The Riot Club  (2014)    68/100

Rating :   68/100                                                                     107 Min        15

A vile film brimming with vile characters, but a good one nevertheless. Laura Wade adapts her own 2010 play ‘Posh’ for the big screen and together with director Lone Sherfig (‘An Education’ 09, ‘One Day’ 11) weaves a tale of toffy nosed excess amongst an elitist society of prigs at Oxford university, the titular Riot Club, almost certainly based on the real life Bullingdon Club (which the current British Prime Minister, David Cameron, and the Chancellor of the Exchequer, George Osborne, were both members of). We enter the main story at the same time as the two central characters do, with Miles (Max Irons) and Alistair (Sam Claflin) beginning their time at uni and quickly coming to the attention of the established RC who only recruit the very crème de la crème of the males on campus, effectively sourcing the best looking and most affluent available. Alistair is arrogant, snooty, calculating, evil and essentially everything you imagine an upper class snob would aspire to be like, contrasting with Miles who is naïve and excited at being singled out for membership but is essentially good at heart, something which also garners him the amorous attentions of the delectable Lauren (Holliday Granger).

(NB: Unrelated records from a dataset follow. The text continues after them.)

lemma exists_inner_derivative_nonzero:
  assumes "open M" "(y, y1, y2, y3) \<in> M"
  shows "\<not> (\<forall>u. f3 u = f3 0) \<Longrightarrow> \<exists>x x1 x2 x3. (x, x1, x2, x3) \<in> M \<and> pd1 f3 x x1 x2 \<noteq> 0"
    and "\<not> (\<forall>u. f2 u = f2 0) \<Longrightarrow> \<exists>x x1 x2 x3. (x, x1, x2, x3) \<in> M \<and> pd1 f2 x x3 x1 \<noteq> 0"
    and "\<not> (\<forall>u. f1 u = f1 0) \<Longrightarrow> \<exists>x x1 x2 x3. (x, x1, x2, x3) \<in> M \<and> pd1 f1 x x2 x3 \<noteq> 0"
proof -
  obtain U0 U1 U2 U3 where U: "open U0" "open U1" "open U2" "open U3"
    "y \<in> U0" "y1 \<in> U1" "y2 \<in> U2" "y3 \<in> U3" "U0 \<times> U1 \<times> U2 \<times> U3 \<subseteq> M"
    using open_prod4_elim[OF assms] by blast
  show "\<exists>x x1 x2 x3. (x, x1, x2, x3) \<in> M \<and> pd1 f3 x x1 x2 \<noteq> 0" if "\<not> (\<forall>u. f3 u = f3 0)"
    using cdiff3_indep_first_if_pd1_eq_0[OF cdiff(3) U(1-3) U(5-7)] U(8,9) that by blast
  show "\<exists>x x1 x2 x3. (x, x1, x2, x3) \<in> M \<and> pd1 f2 x x3 x1 \<noteq> 0" if "\<not> (\<forall>u. f2 u = f2 0)"
    using cdiff3_indep_first_if_pd1_eq_0[OF cdiff(2) U(1,4,2) U(5,8,6)] U(7,9) that by blast
  show "\<exists>x x1 x2 x3. (x, x1, x2, x3) \<in> M \<and> pd1 f1 x x2 x3 \<noteq> 0" if "\<not> (\<forall>u. f1 u = f1 0)"
    using cdiff3_indep_first_if_pd1_eq_0[OF cdiff(1) U(1,3,4) U(5,7,8)] U(6,9) that by blast
qed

We see a little of their very laddish exploits, which largely seem repugnant more than anything else (pretty sure if I joined a group and they broke into my room, ransacked it and then spunked over my notes, that group’s membership would swiftly be reduced by at least one), and the potentially corruptive interplay of group dynamics predominantly rears its ugly head, but the staging of the film is mainly a direct extrapolation of its theatrical origin and politics frequently takes centre stage. Indeed, it is no surprise whatsoever that this was released the weekend after the Scottish independence referendum as the heart of the movie takes place in a restaurant where the group debauch themselves and consistently rub up against the Scottish proprietor (Gordon Brown), resulting in increasingly difficult scenes to watch.

Equally, the nationality of the landlord, who employs his daughter (Jessica Brown Findlay) and is shown to be fairly jovial and proud of his business, is quite deliberate as not only do the Riot Club espouse absolutely everything that we the Scots hate about the English, but they also represent everything the English hate about the English, and indeed everything the rest of the entire world hates about the English for that matter (indeed, whenever anyone from Scotland refers to the English in a negative context we mean these twats, not people from England generally. It’s important to make this distinction), stemming from this much ingrained marker of arrogance as a sort of national symbol – one that has long been the backbone of the money laden elite traditionally filling the halls of power in every walk of the British establishment, and still very much holding Westminster in thrall today.

The film has a modern day setting, which hammers home the point that it is still a current issue despite being somewhat associated with an aloof aristocracy of centuries past, and the film is well acted to the point that it may be difficult to shake off some of the character associations with the performers. A drama of blood privilege that highlights the lunacy of the gulf between the people that run Britain and the majority of the people that live in the country.